En el siglo XXI, la esclavitud todavía es una realidad. Sigue moviendo unos 13.000 millones de euros al año y afectando a 400 millones de niños, según datos difundidos por la Conferencia Española de Religiosos. Aunque pensamos que esto pueda tocarnos de lejos, lo cierto es que en España, mucho de los alimentos u objetos que compramos han sido fabricados por niños sometidos a condiciones de esclavitud.
Gran parte de los pequeños placeres que experimentamos en el hemisferio norte depende de los esfuerzos y las penurias de miles de esclavos en el cono sur.

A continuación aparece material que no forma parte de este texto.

lemma gaussian_bounded_tendsto_0:
  assumes "gaussian_bounded f"
  shows "(f \<longlongrightarrow> 0) at_top" "(f \<longlongrightarrow> 0) at_bot"
proof -
  obtain c C N where "c > 0" and bound: "\<And>x. norm (f x) \<le> C * ((1 + \<bar>x\<bar>) ^ N * exp (- c * x\<^sup>2))"
    using assms unfolding gaussian_bounded_def by blast
  note weight = tendsto_poly_gaussian[OF \<open>c > 0\<close>, THEN tendsto_mult_right_zero, of C N]
  show "(f \<longlongrightarrow> 0) at_top" "(f \<longlongrightarrow> 0) at_bot"
    using Lim_null_comparison[OF always_eventually[OF allI[OF bound]] weight(1)]
      Lim_null_comparison[OF always_eventually[OF allI[OF bound]] weight(2)] .
qed

lemma gaussian_bounded_mult_poly_bounded:
  fixes f g :: "real \<Rightarrow> 'a::real_normed_algebra"
  assumes "gaussian_bounded f" and g: "\<And>x. norm (g x) \<le> D * (1 + \<bar>x\<bar>) ^ M"
  shows "gaussian_bounded (\<lambda>x. g x * f x)"
proof -
  obtain c C N where "c > 0" and f: "\<And>x. norm (f x) \<le> C * ((1 + \<bar>x\<bar>) ^ N * exp (- c * x\<^sup>2))"
    using assms(1) unfolding gaussian_bounded_def by blast
  have "norm (g x * f x) \<le> (D * C) * ((1 + \<bar>x\<bar>) ^ (M + N) * exp (- c * x\<^sup>2))" for x
  proof -
    have "norm (g x * f x) \<le> norm (g x) * norm (f x)"
      by (rule norm_mult_ineq)
    also have "\<dots> \<le> (D * (1 + \<bar>x\<bar>) ^ M) * (C * ((1 + \<bar>x\<bar>) ^ N * exp (- c * x\<^sup>2)))"
      by (intro mult_mono g f) (auto intro: order_trans[OF norm_ge_zero g])
    also have "\<dots> = (D * C) * ((1 + \<bar>x\<bar>) ^ (M + N) * exp (- c * x\<^sup>2))"
      by (simp add: power_add mult_ac)
    finally show ?thesis .
  qed
  then show ?thesis
    using \<open>c > 0\<close> unfolding gaussian_bounded_def by blast
qed

lemma hermite_Suc: "hermite (Suc n) x = 2 * x * hermite n x - 2 * real n * hermite (n - 1) x"
  by (cases n) auto

lemma has_real_derivative_hermite:
  "(hermite n has_real_derivative 2 * real n * hermite (n - 1) x) (at x)"
proof (induction n x rule: hermite.induct)
  case (1 x)
  have "hermite 0 = (\<lambda>x. 1)" by auto
  then show ?case by simp
next
  case (2 x)
  have "hermite (Suc 0) = (\<lambda>x. 2 * x)" by auto
  then show ?case by (auto intro!: derivative_eq_intros)
next
  case (3 n x)
  have "hermite (Suc (Suc n)) = (\<lambda>x. 2 * x * hermite (Suc n) x - 2 * real (Suc n) * hermite n x)"
    by auto
  then show ?case
    by (auto intro!: derivative_eq_intros 3 simp: hermite_Suc[of n x] algebra_simps)
qed

lemma continuous_on_hermite: "continuous_on A (hermite n)"
  using has_real_derivative_hermite
  by (meson DERIV_isCont continuous_at_imp_continuous_on)
lemma deficit_bounded_imp_tendsto_one:
  fixes p :: "nat \<Rightarrow> real"
  assumes "\<And>n. p n \<le> 1" and "\<And>n. n \<ge> N \<Longrightarrow> real n * (1 - p n) \<le> C"
  shows "p \<longlonglongrightarrow> 1"
proof -
  have "(\<lambda>n. 1 - p n) \<longlonglongrightarrow> 0"
  proof (rule Lim_null_comparison)
    show "\<forall>\<^sub>F n in sequentially. norm (1 - p n) \<le> C * inverse (real n)"
      unfolding eventually_sequentially
    proof (intro exI allI impI)
      fix n assume "max N 1 \<le> n"
      then show "norm (1 - p n) \<le> C * inverse (real n)"
        using assms[of n] by (simp add: field_simps)
    qed
  qed (intro tendsto_mult_right_zero lim_inverse_n)
  then have "(\<lambda>n. 1 - (1 - p n)) \<longlonglongrightarrow> 1 - 0"
    by (intro tendsto_diff tendsto_const)
  then show ?thesis by simp
qed

lemma deficit_le_scale_squared:
  fixes a q C :: real and n :: nat
  assumes "1 / sqrt (real n) \<le> a" and "n \<ge> 1"
    and "real n * (1 - q) \<le> C" and "q \<le> 1"
  shows "1 - q \<le> C * a\<^sup>2"
proof -
  have "1 / real n \<le> a\<^sup>2"
    using power_mono[OF assms(1), of 2] by (simp add: power_divide)
  have "1 - q = 1 / real n * (real n * (1 - q))"
    using assms(2) by simp
  also have "\<dots> \<le> a\<^sup>2 * (real n * (1 - q))"
    using \<open>1 / real n \<le> a\<^sup>2\<close> assms(4) by (intro mult_right_mono) simp_all
  also have "\<dots> \<le> a\<^sup>2 * C"
    using assms(3) by (intro mult_left_mono) simp_all
  finally show ?thesis by (simp add: mult.commute)
qed

definition symmetrization :: "real measure \<Rightarrow> real measure" where
  "symmetrization \<nu> = distr (\<nu> \<Otimes>\<^sub>M \<nu>) borel (\<lambda>p. fst p - snd p)"

lemma (in real_distribution) measurable_pair_self:
  assumes "f \<in> borel \<Otimes>\<^sub>M borel \<rightarrow>\<^sub>M N"
  shows "f \<in> M \<Otimes>\<^sub>M M \<rightarrow>\<^sub>M N"
proof -
  have "sets (M \<Otimes>\<^sub>M M) = sets (borel \<Otimes>\<^sub>M borel)"
    by (rule sets_pair_measure_cong) simp_all
  with assms show ?thesis
    using measurable_cong_sets by blast
qed

lemma real_distribution_symmetrization:
  assumes "real_distribution \<nu>"
  shows "real_distribution (symmetrization \<nu>)"
proof -
  interpret real_distribution \<nu> by fact
  interpret P: prob_space "\<nu> \<Otimes>\<^sub>M \<nu>"
    by (simp add: prob_space_axioms prob_space_pair)
  show ?thesis
    unfolding symmetrization_def by (intro P.real_distribution_distr measurable_pair_self) simp
qed

lemma char_symmetrization:
  assumes "real_distribution \<nu>"
  shows "char (symmetrization \<nu>) t = complex_of_real ((cmod (char \<nu> t))\<^sup>2)"
proof -
  interpret real_distribution \<nu> by fact
  interpret P: pair_prob_space \<nu> \<nu>
    by (simp add: pair_prob_space.intro pair_sigma_finite_def prob_space_axioms prob_space_imp_sigma_finite)
  have int: "integrable (\<nu> \<Otimes>\<^sub>M \<nu>) (\<lambda>(x, y). iexp (t * x) * iexp (- (t * y)))"
  proof (rule P.integrable_const_bound[where B=1])
    show "AE p in \<nu> \<Otimes>\<^sub>M \<nu>. norm (case p of (x, y) \<Rightarrow> iexp (t * x) * iexp (- (t * y))) \<le> 1"
      by (intro AE_I2) (auto simp: norm_mult)
  qed (intro measurable_pair_self; simp)
  have "char (symmetrization \<nu>) t = (\<integral>p. iexp (t * (fst p - snd p)) \<partial>(\<nu> \<Otimes>\<^sub>M \<nu>))"
    unfolding char_def symmetrization_def
    by (rule integral_distr) (auto intro!: measurable_pair_self)
  also have "\<dots> = (\<integral>(x, y). iexp (t * x) * iexp (- (t * y)) \<partial>(\<nu> \<Otimes>\<^sub>M \<nu>))"
    by (intro Bochner_Integration.integral_cong)
       (auto simp: right_diff_distrib exp_diff exp_minus field_simps)
  also have "\<dots> = (\<integral>x. (\<integral>y. iexp (t * x) * iexp (- (t * y)) \<partial>\<nu>) \<partial>\<nu>)"
    using P.integral_fst[OF int] by simp
  also have "\<dots> = char \<nu> t * (\<integral>y. cnj (iexp (t * y)) \<partial>\<nu>)"
    by (simp add: char_def exp_cnj)
  also have "\<dots> = char \<nu> t * cnj (char \<nu> t)"
    unfolding char_def by (simp only: Bochner_Integration.integral_cnj)
  also have "\<dots> = complex_of_real ((cmod (char \<nu> t))\<^sup>2)"
    by (rule complex_norm_square[symmetric])
  finally show ?thesis .
qed

(* Finite second moment of X - Y forces a finite second moment of X: for some
   x0 the integral of (x0 - y)^2 is finite (Fubini), and y^2 <= 2 (x0 - y)^2 + 2 x0^2. *)
lemma second_moment_symmetrization:
  assumes "real_distribution \<nu>"
    and fin: "(\<integral>\<^sup>+x. ennreal (x\<^sup>2) \<partial>symmetrization \<nu>) < \<infinity>"
  shows "(\<integral>\<^sup>+x. ennreal (x\<^sup>2) \<partial>\<nu>) < \<infinity>"
proof -
  interpret real_distribution \<nu> by fact
  have meas: "(\<lambda>p. ennreal ((fst p - snd p)\<^sup>2)) \<in> borel_measurable (\<nu> \<Otimes>\<^sub>M \<nu>)"
    by (intro measurable_pair_self) simp
  have "(\<integral>\<^sup>+x. (\<integral>\<^sup>+y. ennreal ((x - y)\<^sup>2) \<partial>\<nu>) \<partial>\<nu>) = (\<integral>\<^sup>+x. ennreal (x\<^sup>2) \<partial>symmetrization \<nu>)"
    unfolding symmetrization_def
    using nn_integral_fst[OF meas] by (simp add: nn_integral_distr measurable_pair_self)
  then have "AE x in \<nu>. (\<integral>\<^sup>+y. ennreal ((x - y)\<^sup>2) \<partial>\<nu>) \<noteq> \<infinity>"
    using fin borel_measurable_nn_integral[of "\<lambda>x y. ennreal ((x - y)\<^sup>2)" \<nu>] meas
    by (intro nn_integral_PInf_AE) simp_all
  then obtain x0 where x0: "(\<integral>\<^sup>+y. ennreal ((x0 - y)\<^sup>2) \<partial>\<nu>) \<noteq> \<infinity>"
    using eventually_happens'[OF ae_filter_bot] by blast
  have "(\<integral>\<^sup>+y. ennreal (y\<^sup>2) \<partial>\<nu>) \<le> (\<integral>\<^sup>+y. 2 * ennreal ((x0 - y)\<^sup>2) + ennreal (2 * x0\<^sup>2) \<partial>\<nu>)"
  proof (rule nn_integral_mono)
    fix y :: real
    have "y\<^sup>2 \<le> 2 * (x0 - y)\<^sup>2 + 2 * x0\<^sup>2"
      using zero_le_power2[of "2 * x0 - y"] by (simp add: power2_eq_square algebra_simps)
    then have "ennreal (y\<^sup>2) \<le> ennreal (2 * (x0 - y)\<^sup>2 + 2 * x0\<^sup>2)"
      by (rule ennreal_leI)
    also have "\<dots> = 2 * ennreal ((x0 - y)\<^sup>2) + ennreal (2 * x0\<^sup>2)"
      by (subst ennreal_plus) (auto simp: ennreal_mult)
    finally show "ennreal (y\<^sup>2) \<le> 2 * ennreal ((x0 - y)\<^sup>2) + ennreal (2 * x0\<^sup>2)" .
  qed
  also have "\<dots> = 2 * (\<integral>\<^sup>+y. ennreal ((x0 - y)\<^sup>2) \<partial>\<nu>) + ennreal (2 * x0\<^sup>2)"
    using emeasure_space_1 by (subst nn_integral_add) (auto simp: nn_integral_cmult)
  also have "\<dots> < \<infinity>"
    using x0 by (simp add: less_top ennreal_mult_less_top)
  finally show ?thesis .
qed

lemma (in real_distribution) AE_zero_if_concentrated:
  assumes conc: "\<And>e. e > 0 \<Longrightarrow> prob {x. \<bar>x\<bar> \<le> e} = 1"
  shows "AE x in M. x = 0"
proof -
  have "AE x in M. \<forall>k::nat. \<bar>x\<bar> \<le> 1 / Suc k"
    unfolding AE_all_countable
  proof
    fix k :: nat
    show "AE x in M. \<bar>x\<bar> \<le> 1 / Suc k"
      using AE_prob_1[OF conc[of "1 / Suc k"]] by simp
  qed
  then show ?thesis
  proof (rule AE_mp, intro AE_I2 impI)
    fix x :: real
    assume small: "\<forall>k::nat. \<bar>x\<bar> \<le> 1 / Suc k"
    show "x = 0"
    proof (rule ccontr)
      assume "x \<noteq> 0"
      then obtain k :: nat where "1 / Suc k < \<bar>x\<bar>"
        using nat_approx_posE[of "\<bar>x\<bar>"] by auto
      then show False using small by (meson not_le)
    qed
  qed
qed

lemma (in real_distribution) char_AE_zero:
  assumes "AE x in M. x = 0"
  shows "char M t = 1"
proof -
  have "char M t = (\<integral>x. 1 \<partial>M)"
    unfolding char_def using assms by (intro integral_cong_AE) (auto elim!: AE_mp)
  then show ?thesis using prob_space by simp
qed

(* Levy's continuity theorem for a point mass: if char mu (a n t) -> 1 for every t,
   then the laws of a n X (X with law mu) converge weakly to the point mass at 0,
   i.e. their distribution functions converge to the unit step away from 0. *)
lemma cdf_scaled_tendsto_step:
  fixes a :: "nat \<Rightarrow> real"
  assumes \<mu>: "real_distribution \<mu>"
    and lim: "\<And>t. (\<lambda>n. char \<mu> (a n * t)) \<longlonglongrightarrow> 1"
    and "x \<noteq> 0"
  shows "(\<lambda>n. cdf (distr \<mu> borel (\<lambda>y. a n * y)) x) \<longlonglongrightarrow> (if 0 \<le> x then 1 else 0)"
proof -
  interpret real_distribution \<mu> by fact
  define M where "M n = distr \<mu> borel (\<lambda>y. a n * y)" for n
  define \<delta>0 :: "real measure" where "\<delta>0 = return borel 0"
  have M: "real_distribution (M n)" for n
    unfolding M_def by (intro real_distribution_distr) simp
  have \<delta>0: "real_distribution \<delta>0"
    unfolding \<delta>0_def real_distribution_def real_distribution_axioms_def
    by (auto intro!: prob_space_return)
  have weak: "weak_conv_m M \<delta>0"
  proof (rule levy_continuity[OF M \<delta>0])
    fix t
    have "char (M n) t = char \<mu> (a n * t)" for n
      unfolding char_def M_def by (subst integral_distr) (auto simp: ac_simps)
    moreover have "char \<delta>0 t = 1"
      unfolding char_def \<delta>0_def by (subst integral_return) auto
    ultimately show "(\<lambda>n. char (M n) t) \<longlonglongrightarrow> char \<delta>0 t" using lim by simp
  qed
  have cont: "isCont (cdf \<delta>0) x"
    using \<open>x \<noteq> 0\<close>
    by (subst finite_borel_measure.isCont_cdf[OF real_distribution.finite_borel_measure_M[OF \<delta>0]])
       (simp add: \<delta>0_def measure_return)
  have cdf_\<delta>0: "cdf \<delta>0 x = (if 0 \<le> x then 1 else 0)"
    unfolding cdf_def \<delta>0_def by (simp add: measure_return)
  have "(\<lambda>n. cdf (M n) x) \<longlonglongrightarrow> cdf \<delta>0 x"
    using weak cont unfolding weak_conv_m_def weak_conv_def by blast
  then show ?thesis
    unfolding M_def cdf_\<delta>0 .
qed

(* If moreover the scales stay above some delta > 0, then mu is the point mass at 0:
   the mass of mu on [-e, e] dominates that of the law of a n X on (-delta e, delta e],
   which tends to 1. *)
lemma char_scaled_tendsto_one_imp_degenerate:
  fixes a :: "nat \<Rightarrow> real"
  assumes \<mu>: "real_distribution \<mu>"
    and a: "\<delta> > 0" "\<And>n. \<delta> \<le> a n"
    and lim: "\<And>t. (\<lambda>n. char \<mu> (a n * t)) \<longlonglongrightarrow> 1"
  shows "AE x in \<mu>. x = 0"
proof -
  interpret real_distribution \<mu> by fact
  define M where "M n = distr \<mu> borel (\<lambda>y. a n * y)" for n
  have M: "real_distribution (M n)" for n
    unfolding M_def by (intro real_distribution_distr) simp
  have "prob {x. \<bar>x\<bar> \<le> e} = 1" if e: "e > 0" for e
  proof -
    define \<eta> where "\<eta> = \<delta> * e"
    have \<eta>: "\<eta> > 0" using a e by (simp add: \<eta>_def)
    have "(\<lambda>n. cdf (M n) \<eta> - cdf (M n) (- \<eta>)) \<longlonglongrightarrow> 1 - 0"
      using \<eta> cdf_scaled_tendsto_step[OF \<mu> lim, of \<eta>] cdf_scaled_tendsto_step[OF \<mu> lim, of "- \<eta>"]
      unfolding M_def by (intro tendsto_diff) simp_all
    moreover have "cdf (M n) \<eta> - cdf (M n) (- \<eta>) \<le> prob {x. \<bar>x\<bar> \<le> e}" for n
    proof -
      have "cdf (M n) \<eta> - cdf (M n) (- \<eta>) = prob {x. a n * x \<in> {- \<eta><..\<eta>}}"
        using \<eta> finite_borel_measure.cdf_diff_eq[OF real_distribution.finite_borel_measure_M[OF M], of "- \<eta>" \<eta> n]
        by (simp add: M_def measure_distr vimage_def)
      also have "\<dots> \<le> prob {x. \<bar>x\<bar> \<le> e}"
      proof (rule finite_measure_mono)
        show "{x. a n * x \<in> {- \<eta><..\<eta>}} \<subseteq> {x. \<bar>x\<bar> \<le> e}"
        proof safe
          fix x assume "a n * x \<in> {- \<eta><..\<eta>}"
          then have "\<bar>a n * x\<bar> \<le> \<delta> * e" by (auto simp: \<eta>_def)
          moreover have "\<delta> * \<bar>x\<bar> \<le> \<bar>a n * x\<bar>"
            using a(1) a(2)[of n] by (simp add: abs_mult mult_right_mono)
          ultimately have "\<delta> * \<bar>x\<bar> \<le> \<delta> * e" by linarith
          then show "\<bar>x\<bar> \<le> e" using a(1) by simp
        qed
      qed simp
      finally show ?thesis .
    qed
    ultimately have "1 \<le> prob {x. \<bar>x\<bar> \<le> e}"
      by (intro LIMSEQ_le_const2) auto
    then show ?thesis using prob_le_1 by (simp add: antisym)
  qed
  then show ?thesis by (rule AE_zero_if_concentrated)
qed

lemma scales_approach_zero:
  fixes a :: "nat \<Rightarrow> real"
  assumes \<mu>: "real_distribution \<mu>"
    and lim: "\<And>t. (\<lambda>n. char \<mu> (a n * t)) \<longlonglongrightarrow> 1"
    and nondegenerate: "char \<mu> s \<noteq> 1"
    and \<epsilon>: "\<epsilon> > 0"
  shows "\<exists>n\<ge>N. a n \<le> \<epsilon>"
proof (rule ccontr)
  assume "\<not> (\<exists>n\<ge>N. a n \<le> \<epsilon>)"
  then have "\<epsilon> \<le> a (n + N)" for n
    using le_add2[of N n] by (auto simp: not_le intro: less_imp_le)
  moreover have "\<And>t. (\<lambda>n. char \<mu> (a (n + N) * t)) \<longlonglongrightarrow> 1"
    using lim by (rule LIMSEQ_ignore_initial_segment)
  ultimately have "AE x in \<mu>. x = 0"
    using \<mu> \<epsilon> by (intro char_scaled_tendsto_one_imp_degenerate)
  then show False
    using real_distribution.char_AE_zero[OF \<mu>] nondegenerate by blast
qed
(* Let $\mathcal{A}$ be a commutative $\sigma$-finite W*-algebra or a commutative AW*-algebra, and let $\mathcal{E}$ be a Hilbert C*-module over $\mathcal{A}$ of rank $d$. Let $n\geq d$ and let $\{\tau_j\}_{j=1}^n$ be a collection of vectors in $\mathcal{E}$ with $\langle \tau_j,\tau_j\rangle=1$ for all $1\leq j\leq n$. Then, for every $m\in\mathbb{N}$, \[ \sum_{j=1}^n\sum_{k=1}^n\|\langle \tau_j, \tau_k\rangle \|^{2m}\geq \sum_{j=1}^n\sum_{k=1}^n\langle \tau_j, \tau_k\rangle ^{m}\langle \tau_k, \tau_j\rangle ^{m}\geq \frac{1}{{d+m-1\choose m}}\left(\sum_{j=1}^{n}\langle \tau_j, \tau_j \rangle ^{m}\right)^2, \] in particular \[ \sum_{j=1}^n\sum_{k=1}^n\|\langle \tau_j, \tau_k\rangle \|^{2} \geq \sum_{j=1}^n\sum_{k=1}^n\langle \tau_j, \tau_k\rangle \langle \tau_k, \tau_j\rangle \geq \frac{1}{d}\left(\sum_{j=1}^{n}\langle \tau_j, \tau_j \rangle \right)^2. \] Further (for $n\geq 2$), for every $m\in\mathbb{N}$, \[ \max _{1\leq j,k \leq n,\, j\neq k}\|\langle \tau_j, \tau_k\rangle \|^{2m} \geq \frac{1}{n^2-n}\left[\frac{1}{{d+m-1\choose m}}\left(\sum_{j=1}^{n}\langle \tau_j, \tau_j \rangle ^{m}\right)^2-\sum_{j=1}^{n}\|\tau_j\|^{4m}\right], \] and in particular \[ \max _{1\leq j,k \leq n,\, j\neq k}\|\langle \tau_j, \tau_k\rangle \|^{2} \geq \frac{1}{n^2-n}\left[\frac{1}{d}\left(\sum_{j=1}^{n}\langle \tau_j, \tau_j \rangle \right)^2-\sum_{j=1}^{n}\|\tau_j\|^{4}\right]. \]
   Context: A W*-algebra is $\sigma$-finite if it contains at most countably many mutually orthogonal (nonzero) projections. A C*-algebra is an AW*-algebra if every set of orthogonal projections has a supremum and every maximal commutative self-adjoint subalgebra is generated by its projections. Such algebras are unital, with identity $1$. The $\mathcal{A}$-valued inner product on $\mathcal{E}$ is linear in the first variable and conjugate-linear in the second; $\mathcal{A}$ acts from the left; $\|\tau\|=\|\langle\tau,\tau\rangle\|^{1/2}$. $\mathcal{E}$ has rank $d$ if it has an orthonormal basis $\{\omega_j\}_{j=1}^d$, i.e. $\langle\omega_j,\omega_k\rangle=\delta_{jk}1$ and $x=\sum_{j=1}^d\langle x,\omega_j\rangle\omega_j$ for all $x\in\mathcal{E}$. Inequalities between elements of $\mathcal{A}$ refer to the order on self-adjoint elements, a real number $c$ being identified with $c\cdot1$. *)

theory Defs
  imports Complex_Main
begin
lemma openin_full_shift_cylinder:
  assumes "finite I"
  shows "openin (full_shift_topology A) {y \<in> topspace (full_shift_topology A). \<forall>t\<in>I. y t = x t}"
proof -
  define U where "U t = (if t \<in> I then {x t} \<inter> A else A)" for t
  have "{y \<in> topspace (full_shift_topology A). \<forall>t\<in>I. y t = x t} = Pi\<^sub>E UNIV U"
    by (auto simp: topspace_full_shift U_def PiE_def Pi_def extensional_def split: if_splits)
  moreover have "finite {t. U t \<noteq> A}"
    using \<open>finite I\<close> by (rule rev_finite_subset) (auto simp: U_def)
  moreover have "U t \<subseteq> A" for t
    by (simp add: U_def)
  ultimately show ?thesis
    by (simp add: full_shift_topology_def openin_PiE_gen)
qed

lemma in_closure_of_full_shift:
  assumes "Z \<subseteq> topspace (full_shift_topology A)"
  shows "x \<in> full_shift_topology A closure_of Z \<longleftrightarrow>
    x \<in> topspace (full_shift_topology A) \<and> (\<forall>k::nat. \<exists>z\<in>Z. \<forall>t. \<bar>t\<bar> \<le> int k \<longrightarrow> z t = x t)"
    (is "_ \<longleftrightarrow> ?x_in \<and> ?approx")
proof
  assume x: "x \<in> full_shift_topology A closure_of Z"
  have x_in: ?x_in
    using closure_of_subset_topspace x by (rule subsetD)
  have "\<exists>z\<in>Z. \<forall>t. \<bar>t\<bar> \<le> int k \<longrightarrow> z t = x t" for k :: nat
  proof -
    let ?C = "{y \<in> topspace (full_shift_topology A). \<forall>t\<in>{-int k..int k}. y t = x t}"
    have near: "\<forall>T. x \<in> T \<and> openin (full_shift_topology A) T \<longrightarrow> (\<exists>y. y \<in> Z \<and> y \<in> T)"
      using x by (simp add: in_closure_of)
    have "x \<in> ?C"
      using x_in by simp
    moreover have "openin (full_shift_topology A) ?C"
      by (rule openin_full_shift_cylinder) simp
    ultimately obtain z where "z \<in> Z" "z \<in> ?C"
      using near by meson
    then show ?thesis
      by (intro bexI[of _ z]) (auto simp: abs_le_iff)
  qed
  then show "?x_in \<and> ?approx"
    using x by (simp add: in_closure_of)
next
  assume "?x_in \<and> ?approx"
  then have x: ?x_in and approx: ?approx by blast+
  have "\<exists>z. z \<in> Z \<and> z \<in> T" if "x \<in> T" "openin (full_shift_topology A) T" for T
  proof -
    have "\<exists>U. finite {t \<in> UNIV. U t \<noteq> topspace (discrete_topology A)} \<and>
        (\<forall>t\<in>UNIV. openin (discrete_topology A) (U t)) \<and> x \<in> Pi\<^sub>E UNIV U \<and> Pi\<^sub>E UNIV U \<subseteq> T"
      using that unfolding full_shift_topology_def openin_product_topology_alt by blast
    then obtain U where U: "finite {t. U t \<noteq> A}" "x \<in> Pi\<^sub>E UNIV U" "Pi\<^sub>E UNIV U \<subseteq> T"
      by auto
    obtain k :: nat where k: "\<And>t. t \<in> {t. U t \<noteq> A} \<Longrightarrow> \<bar>t\<bar> \<le> int k"
      using U(1) by (metis finite_int_abs_bounded)
    obtain z where z: "z \<in> Z" "\<And>t. \<bar>t\<bar> \<le> int k \<Longrightarrow> z t = x t"
      using approx by blast
    have "z t \<in> U t" for t
    proof (cases "U t = A")
      case True
      then show ?thesis using z(1) assms by (auto simp: topspace_full_shift)
    next
      case False
      then show ?thesis using U(2) k z(2) by (auto simp: PiE_def Pi_def)
    qed
    then have "z \<in> Pi\<^sub>E UNIV U"
      by (simp add: PiE_def extensional_def)
    then show ?thesis using U(3) z(1) by blast
  qed
  then show "x \<in> full_shift_topology A closure_of Z"
    using x by (simp add: in_closure_of)
qed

Parte del chocolate que degustamos, de los coches que conducimos, de los móviles que utilizamos o de la ropa que lucimos han sido fabricados por manos pequeñas.
En la India y Afganistán, los dueños de las fábricas reclutan a niños de familias humildes para pagar deudas adquiridas en situaciones límite. Las familias no tienen más remedio que ofrecer a sus hijos como moneda de cambio para canjear las deudas contraídas por una asistencia sanitaria o un funeral. Los intereses desorbitados hacen que las deudas sean finalmente imposibles de pagar y vayan pasando de padres a hijos.
En China, los niños fabrican fuegos artificiales, en Brasil los esclavos extraen el carbón utilizado para la fabricación de acero para automóviles, en Costa de Marfil, unos 12.000 niños recogen el cacao que más tarde se exportar para para fabricar el chocolate y en la República Democrática del Congo, los niños son explotados en minas de coltán, mineral utilizados para la fabricación de ordenadores, teléfonos móviles y cualquier tipo de dispositivo electrónico.
En Benín y Egipto, los esclavos producen algodón. Se estima que alrededor de un millón de niños son utilizados para trabajar en este sector, porque son más baratos y obedientes que los adultos y porque tienen la estatura adecuada para inspeccionar las plantas de algodón.
En los últimos años la creciente deslocalización de las fábricas del primer mundo hacia zonas del planeta donde es más barato producir no ha hecho más que aumentar la lacra de la esclavitud infantil.
Las empresas huyen de los impuestos y los altos precios del transporte de las materias primas, pero ¿A qué precio? Las alfombras que pisamos, los juguetes con los que disfrutamos, los móviles que cada vez con más frecuencia nos cambiamos, las joyas que lucimos y la comida que comemos depende en algunos casos del sufrimiento y el sudor de cientos de pequeños latinoamericanos, africanos y asiáticos que ven como cada día la vida pasa con pocos objetivos por los que luchar y sin apenas esperanzas por mejorar.